Closed TechAspirant closed 2 years ago

TechAspirant commented 2 years ago

Hello,

In my case the glb file is showing incorrect number of logical nodes. But its rightly loaded in babylonjs sandbox. Below is the link of glb file and code for reference https://nsimagefolder.s3.us-east-2.amazonaws.com/optima.glb

SharpGLTF.Schema2.ReadSettings readSettings = new SharpGLTF.Schema2.ReadSettings();
readSettings.Validation = SharpGLTF.Validation.ValidationMode.Skip;
var model = SharpGLTF.Schema2.ModelRoot.Load(@"E:\Source\3DTools\3Dglbfiles\myfile.glb", readSettings);
var logicalNodes = model.LogicalNodes;
vpenades commented 2 years ago

hmm... which number do you get, and which number do you expect?

Notice that there's Logical Nodes and Visual Nodes

model.LogicalNodes is the flattened list of nodes as they're stored within the model, regardless of whether they're being used in a scene or not.

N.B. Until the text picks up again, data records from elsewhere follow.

lemma sum_weight_products_split:
  fixes w :: "'a \<Rightarrow> real"
  assumes fin: "finite V" and total: "(\<Sum>v\<in>V. w v) = 1"
  shows "(\<Sum>v\<in>V. \<Sum>u\<in>V. w v * w u * (if Q v \<noteq> Q u then 1 else 0))
        = 2 * (\<Sum>u\<in>{u\<in>V. Q u}. w u) * (1 - (\<Sum>u\<in>{u\<in>V. Q u}. w u))"
proof -
  define A where "A = (\<Sum>u\<in>{u\<in>V. Q u}. w u)"
  have A: "(\<Sum>u\<in>V. if Q u then w u else 0) = A"
    unfolding A_def by (simp add: sum.inter_filter[OF fin])
  have not_A: "(\<Sum>u\<in>V. if \<not> Q u then w u else 0) = 1 - A"
  proof -
    have "(\<Sum>u\<in>V. w u) = (\<Sum>u\<in>V. (if Q u then w u else 0) + (if \<not> Q u then w u else 0))"
      by (rule sum.cong) auto
    then show ?thesis using A total by (simp add: sum.distrib)
  qed
  have inner: "(\<Sum>u\<in>V. w v * w u * (if Q v \<noteq> Q u then 1 else 0)) = w v * (if Q v then 1 - A else A)"
    for v
  proof -
    have "(\<Sum>u\<in>V. w v * w u * (if Q v \<noteq> Q u then 1 else 0))
        = w v * (\<Sum>u\<in>V. if Q v \<noteq> Q u then w u else 0)"
      unfolding sum_distrib_left by (rule sum.cong) simp_all
    also have "\<dots> = w v * (if Q v then 1 - A else A)"
      using A not_A by (cases "Q v") simp_all
    finally show ?thesis .
  qed
  have "(\<Sum>v\<in>V. w v * (if Q v then 1 - A else A))
      = (\<Sum>v\<in>V. if Q v then w v else 0) * (1 - A) + (\<Sum>v\<in>V. if \<not> Q v then w v else 0) * A"
    unfolding sum_distrib_right sum.distrib[symmetric] by (rule sum.cong) simp_all
  then show ?thesis
    using inner A not_A unfolding A_def by simp
qed

lemma Min_image_eq_min_endpoints:
  fixes F s \<alpha> :: "nat \<Rightarrow> real"
  assumes "0 < N"
    and step: "\<And>j. Suc j < N \<Longrightarrow> F (Suc j) - F j = \<alpha> j * s j"
    and \<alpha>_nonneg: "\<And>j. Suc j < N \<Longrightarrow> \<alpha> j \<ge> 0"
    and s_antimono: "\<And>i j. i \<le> j \<Longrightarrow> s j \<le> s i"
  shows "Min (F ` {..<N}) = min (F 0) (F (N - 1))"
proof -
  have "min (F 0) (F (N - 1)) \<le> F j" if j: "j < N" for j
  proof (cases "s j > 0")
    case True
    have "F 0 \<le> F i" if "i \<le> j" for i
      using that
    proof (induction i)
      case (Suc i)
      have "s i > 0" using s_antimono[of i j] Suc True by simp
      then have "\<alpha> i * s i \<ge> 0"
        using Suc \<alpha>_nonneg[of i] j by simp
      then show ?case using Suc step[of i] j by simp
    qed simp
    then show ?thesis by (simp add: min_le_iff_disj)
  next
    case False
    have "F (j + m) \<le> F j" if "j + m < N" for m
      using that
    proof (induction m)
      case (Suc m)
      have "s (j + m) \<le> 0" using s_antimono[of j "j + m"] False by simp
      then have "\<alpha> (j + m) * s (j + m) \<le> 0"
        using Suc \<alpha>_nonneg[of "j + m"] by (simp add: mult_nonneg_nonpos)
      then show ?case using Suc step[of "j + m"] by simp
    qed simp
    from this[of "N - 1 - j"] j show ?thesis by (simp add: min_le_iff_disj)
  qed
  moreover have "0 \<in> {..<N}" "N - 1 \<in> {..<N}" using \<open>0 < N\<close> by auto
  ultimately show ?thesis
    by (intro antisym Min.boundedI) (auto intro!: Min_le simp: min_le_iff_disj)
qed

locale path_in_tree =
  fixes V :: "'a set" and E :: "'a set set" and len :: "'a set \<Rightarrow> real" and R :: "'a list"
  assumes tree: "is_tree V E" and len_pos: "\<forall>e\<in>E. len e > 0"
    and R_path: "is_path E R" and R_in: "set R \<subseteq> V"
begin

definition edge_len :: "nat \<Rightarrow> real" where
  "edge_len e = len {R ! e, R ! Suc e}"

definition pos :: "nat \<Rightarrow> real" where
  "pos i = (\<Sum>e<i. edge_len e)"

definition subpath :: "nat \<Rightarrow> nat \<Rightarrow> 'a list" where
  "subpath a b = take (Suc b - a) (drop a R)"

definition between :: "nat \<Rightarrow> nat \<Rightarrow> 'a list" where
  "between p i = (if p \<le> i then subpath p i else rev (subpath i p))"

lemma pos_Suc: "pos (Suc i) = pos i + edge_len i"
  by (simp add: pos_def)

lemma pos_diff: "m \<le> n \<Longrightarrow> pos n - pos m = (\<Sum>e\<in>{m..<n}. edge_len e)"
  unfolding pos_def lessThan_atLeast0 by (simp add: sum_diff_nat_ivl)

lemma edge_len_pos: "Suc e < length R \<Longrightarrow> edge_len e > 0"
  using R_path len_pos unfolding is_path_def is_walk_def edge_len_def by auto

lemma pos_less: "i < j \<Longrightarrow> j < length R \<Longrightarrow> pos i < pos j"
proof (induction j)
  case (Suc j)
  then show ?case
    using edge_len_pos[of j] by (cases "i = j") (auto simp: pos_Suc)
qed simp

lemma pos_le: "i \<le> j \<Longrightarrow> j < length R \<Longrightarrow> pos i \<le> pos j"
  using pos_less by (cases "i = j") (auto intro: less_imp_le)

lemma nth_R_eq_iff: "i < length R \<Longrightarrow> i' < length R \<Longrightarrow> R ! i = R ! i' \<longleftrightarrow> i = i'"
  using R_path unfolding is_path_def by (simp add: nth_eq_iff_index_eq)

lemma subpath_ends:
  assumes "a \<le> b" "b < length R"
  shows "subpath a b \<noteq> [] \<and> hd (subpath a b) = R ! a \<and> last (subpath a b) = R ! b
    \<and> path_len len (subpath a b) = pos b - pos a"
  using assms
proof (induction b rule: dec_induct)
  case base
  then have "subpath a a = [R ! a]"
    unfolding subpath_def by (simp add: take_Suc_conv_app_nth)
  then show ?case by simp
next
  case (step b)
  then have "subpath a (Suc b) = subpath a b @ [R ! Suc b]"
    unfolding subpath_def by (simp add: Suc_diff_le take_Suc_conv_app_nth)
  with step show ?case
    by (simp add: path_len_append pos_Suc edge_len_def)
qed

lemma is_path_subpath: "a \<le> b \<Longrightarrow> b < length R \<Longrightarrow> is_path E (subpath a b)"
  using R_path unfolding subpath_def is_path_def by (auto intro!: is_walk_take is_walk_drop)

lemma length_subpath: "b < length R \<Longrightarrow> length (subpath a b) = Suc b - a"
  unfolding subpath_def by simp

lemma nth_subpath: "b < length R \<Longrightarrow> t < Suc b - a \<Longrightarrow> subpath a b ! t = R ! (a + t)"
  unfolding subpath_def by simp

lemma mem_subpath_iff:
  assumes "b < length R"
  shows "x \<in> set (subpath a b) \<longleftrightarrow> (\<exists>i. a \<le> i \<and> i \<le> b \<and> x = R ! i)"
proof
  assume "x \<in> set (subpath a b)"
  then obtain t where "t < Suc b - a" "x = subpath a b ! t"
    by (auto simp: in_set_conv_nth length_subpath[OF assms])
  then show "\<exists>i. a \<le> i \<and> i \<le> b \<and> x = R ! i"
    using nth_subpath[OF assms] by (intro exI[of _ "a + t"]) auto
next
  assume "\<exists>i. a \<le> i \<and> i \<le> b \<and> x = R ! i"
  then obtain i where "a \<le> i" "i \<le> b" "x = R ! i" by blast
  then have "i - a < length (subpath a b)" "subpath a b ! (i - a) = x"
    using nth_subpath[OF assms, of "i - a"] length_subpath[OF assms] by auto
  then show "x \<in> set (subpath a b)" by (metis nth_mem)
qed

lemma window_eq_subpath: "0 < k \<Longrightarrow> take k (drop j R) = subpath j (j + k - 1)"
  unfolding subpath_def by (simp add: Suc_diff_le)

lemma between_props:
  assumes "p < length R" "i < length R"
  shows "is_path E (between p i) \<and> set (between p i) \<subseteq> set R \<and> hd (between p i) = R ! p
    \<and> last (between p i) = R ! i \<and> path_len len (between p i) = \<bar>pos i - pos p\<bar>"
proof (cases "p \<le> i")
  case True
  then show ?thesis
    using assms subpath_ends[of p i] is_path_subpath[of p i] pos_le[of p i]
    by (auto simp: between_def subpath_def dest: in_set_takeD in_set_dropD)
next
  case False
  then show ?thesis
    using assms subpath_ends[of i p] is_path_subpath[of i p] pos_le[of i p]
    by (auto simp: between_def subpath_def is_path_def path_len_rev hd_rev last_rev
        intro: is_walk_rev dest: in_set_takeD in_set_dropD)
qed

lemma tdist_nth:
  assumes "q < length R" "i < length R"
  shows "tdist E len (R ! q) (R ! i) = \<bar>pos i - pos q\<bar>"
proof -
  have "R ! q \<in> V" "R ! i \<in> V" using assms R_in by auto
  then show ?thesis
    using between_props[OF assms] tdist_eq_path_len[OF tree, of "R ! q" "R ! i" "between q i"] by simp
qed

lemma approach_R:
  assumes "v \<in> V"
  obtains Q p where "p < length R" "is_walk E (Q @ [R ! p])" "hd (Q @ [R ! p]) = v"
    "distinct Q" "set Q \<inter> set R = {}"
proof -
  have R_ne: "R \<noteq> []" using R_path unfolding is_path_def is_walk_def by auto
  then have "R ! 0 \<in> V" using R_in by auto
  then obtain P where P: "is_path E P" "hd P = v" "last P = R ! 0"
    using tree assms unfolding is_tree_def by blast
  define Q where "Q = takeWhile (\<lambda>x. x \<notin> set R) P"
  have Q_off_R: "set Q \<inter> set R = {}" unfolding Q_def by (auto dest: set_takeWhileD)
  have "dropWhile (\<lambda>x. x \<notin> set R) P \<noteq> []"
  proof
    assume "dropWhile (\<lambda>x. x \<notin> set R) P = []"
    then have "\<forall>x\<in>set P. x \<notin> set R" by (simp add: dropWhile_eq_Nil_conv)
    moreover have "last P \<in> set P" using P(1) unfolding is_path_def is_walk_def by simp
    ultimately show False using P(3) R_ne by auto
  qed
  then obtain q P' where P': "dropWhile (\<lambda>x. x \<notin> set R) P = q # P'" and "q \<in> set R"
    using hd_dropWhile[of "\<lambda>x. x \<notin> set R" P] by (cases "dropWhile (\<lambda>x. x \<notin> set R) P") auto
  then obtain p where p: "p < length R" "R ! p = q" by (auto simp: in_set_conv_nth)
  have P_eq: "P = Q @ R ! p # P'"
    using takeWhile_dropWhile_id[of "\<lambda>x. x \<notin> set R" P] P' p(2) unfolding Q_def by simp
  have "is_walk E (Q @ [R ! p])"
    using P(1) is_walk_take[of E P "Suc (length Q)"] unfolding is_path_def P_eq by simp
  moreover have "hd (Q @ [R ! p]) = v" using P(2) unfolding P_eq by (cases Q) simp_all
  moreover have "distinct Q" using P(1) unfolding is_path_def P_eq by simp
  ultimately show thesis using p(1) Q_off_R that by blast
qed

model.DefaultScene.VisualChildren is the nodes actually visible in the scene.

TechAspirant commented 2 years ago

I am getting logical node count as 4. But If I see in sandbox provided by babylon I can see some child nodes which are misssing when I read from the SharpGLTF. image

vpenades commented 2 years ago

These doesn't look like nodes, they seem to be Mesh Primitives, which are contained within a Mesh in LogicalMeshes

TechAspirant commented 2 years ago

Other files are loaded correctly. Except the shared one. Logical Meshes count is only 2. I am looking for all children in 'TestFuerJochen' Node.

vpenades commented 2 years ago

The "optima" model you attached only has 4 logical nodes inside, this is the relevant section of the code:

"nodes": [
    {
      "name": "Cube",
      "mesh": 0
    },
    {
      "name": "Light",
      "rotation": [
        0.169075757,
        0.755880356,
        -0.272171378,
        0.570947528
      ],
      "translation": [
        4.07624531,
        5.903862,
        -1.00545394
      ]
    },
    {
      "name": "Camera",
      "rotation": [
        0.483536035,
        0.336871594,
        -0.208703607,
        0.780482709
      ],
      "translation": [
        7.35889149,
        4.95830917,
        6.92579079
      ]
    },
    {
      "name": "TestFuerJochen",
      "mesh": 1,
      "rotation": [
        0.707106829,
        0,
        0,
        0.707106709
      ]
    }
  ]

It defines TWO meshes, which might be located in LogicalMeshes

"meshes": [
    {
      "name": "Cube",
      "primitives": [
        {
          "attributes": {
            "POSITION": 0,
            "NORMAL": 1,
            "TEXCOORD_0": 2
          },
          "indices": 3,
          "material": 0
        }
      ]
    },
    {
      "name": "TestFuerJochen",
      "primitives": [
        {
          "attributes": {
            "POSITION": 4,
            "NORMAL": 5
          },
          "indices": 6,
          "material": 1
        },
        {
          "attributes": {
            "POSITION": 7,
            "NORMAL": 8
          },
          "indices": 9,
          "material": 2
        },
        {
          "attributes": {
            "POSITION": 10,
            "NORMAL": 11
          },
          "indices": 12,
          "material": 3
        },
        {
          "attributes": {
            "POSITION": 13,
            "NORMAL": 14
          },
          "indices": 15,
          "material": 4
        },
        , 
        ,
        ,
        ,
        ,

So the first mesh is just a cube, and the SECOND MESH, has +200 primitices, which is where all the geometry "nodes" are located.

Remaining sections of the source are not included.